Week 1 of 12
Module 1: Introductions and Orientation
The ICCROM Director-General Mounir Bouchenaki welcomed us onto the 17th International Course on Stone Conservation, being held for the first time in Rome. We were also welcomed by Joseph King and Simon Warrack (the course coordinator) of ICCROM and Susan MacDonald of the Getty Conservation Institute. There are 20 participants in total, each representing a different country.

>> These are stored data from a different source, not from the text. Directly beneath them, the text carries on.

(* Let $n\ge1$, $1\le k\le n$, and let $\tau\in\{0,1\}^n$ be a state of the TASEP of size $n$ with exactly $k$ particles (i.e. $k$ letters equal to $1$). Let $\lambda=\lambda(\tau)=(\lambda_1,\ldots,\lambda_k)$ and set $\lambda_{k+1}=0$. Then the stationary probability of $\tau$ is \[ \Pr(\tau)=\frac{\alpha^{k+\lambda_1}\beta^n}{Z_n}\det A^{\alpha,\beta}_{\lambda}, \] where \[ Z_n=(\alpha\beta)^n\sum_{p=1}^n\frac{p}{2n-p}\binom{2n-p}{n}\frac{\alpha^{-p-1}-\beta^{-p-1}}{\alpha^{-1}-\beta^{-1}} \] and $A^{\alpha,\beta}_{\lambda}=(A_{ij})_{1\le i,j\le k}$ with \[ A_{ij}=\left(\binom{\lambda_{j+1}}{j-i+1}+\frac{1}{\beta}\binom{\lambda_{j+1}}{j-i}\right)+\sum_{p=1}^{\lambda_j-\lambda_{j+1}}\left(\frac{1}{\alpha}\right)^p\left(\binom{\lambda_{j+1}+p-1}{j-i}+\frac{1}{\beta}\binom{\lambda_{j+1}+p-1}{j-i-1}\right). \]
   Context: TASEP: fix $n\ge1$ and parameters $\alpha,\beta\in(0,1]$. States are words $\tau=\tau_1\cdots\tau_n\in\{0,1\}^n$ ($\tau_i=1$ iff site $i$ holds a particle). The discrete-time Markov chain has the following transitions, for arbitrary words $\tau',\tau''$: $0\tau'\to1\tau'$ with probability $\alpha/(n+1)$ (particle enters at site 1); $\tau'1\to\tau'0$ with probability $\beta/(n+1)$ (particle exits at site $n$); $\tau'10\tau''\to\tau'01\tau''$ with probability $1/(n+1)$ (particle hops right); with the remaining probability the state is unchanged. $\Pr(\tau)$ denotes the stationary probability of $\tau$. $\lambda(\tau)=(\lambda_1,\ldots,\lambda_k)$, where $\lambda_i$ is the total number of $0$'s occurring after the $i$-th $1$ in $\tau$. Binomial coefficients satisfy $\binom{m}{r}=0$ if $r<0$ or $r>m$, $\binom{m}{0}=1$; an empty sum is $0$. The quotient $\frac{\alpha^{-p-1}-\beta^{-p-1}}{\alpha^{-1}-\beta^{-1}}$ means the polynomial $\sum_{a=0}^{p}\alpha^{-a}\beta^{-(p-a)}$ (which also covers $\alpha=\beta$). *)

theory Defs
  imports Complex_Main "Jordan_Normal_Form.Determinant"
begin

text \<open>States of the TASEP of size n: boolean lists of length n (True = particle).\<close>

definition tasep_states :: "nat \<Rightarrow> bool list set" where
  "tasep_states n = {t. length t = n}"

text \<open>The possible moves out of state t, as a list of (resulting state, probability).
  Entering at site 1, exiting at site n, and hops from site i+1 to i+2 (0-based i).\<close>

definition tasep_moves :: "real \<Rightarrow> real \<Rightarrow> bool list \<Rightarrow> (bool list \<times> real) list" where
  "tasep_moves a b t =
     (let n = length t in
       (if n \<ge> 1 \<and> \<not> t ! 0 then [(t[0 := True], a / real (n + 1))] else [])
     @ (if n \<ge> 1 \<and> t ! (n - 1) then [(t[n - 1 := False], b / real (n + 1))] else [])
     @ concat (map (\<lambda>i. if t ! i \<and> \<not> t ! (Suc i)
                         then [(t[i := False, Suc i := True], 1 / real (n + 1))] else [])
                   [0..<n - 1]))"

Australia, Belgium, Brazil, China, Czech Republic, Denmark, Georgia, India, Japan, Korea, Netherlands, Nigeria, Palestine, Romania, Russian Federation, Portugal, Sri Lanka, Sudan, Syria & Scotland
This afternoon Jukka Jokilehto (conservation architect, World Heritage Advisor to ICOMOS and consultant to UNESCO) gave us ‘An Introduction to the Architectural Heritage of Rome’. We were told that much of modern central Rome is 6-10 metres above the ground level of Ancient Rome. This is due to factors including flooding of the Tevere (Tiber) River (which runs through the centre of the city) depositing silt, the destruction of old buildings due to a high level of historic military action and continuous rebuilding over the top of what was essentially seen as ‘rubbish and debris’. This is essentially the same way in which a sedimentary rock deposit is created, through the accumulation and deposition of different layers of material. In this case, however, it’s centuries of deconstruction and reconstruction of a city. In addition, many buildings in Rome incorporate parts of historic buildings from single stones to full foundations. Tomorrow we will be going on a tour of Foro Romano (the Roman Forum).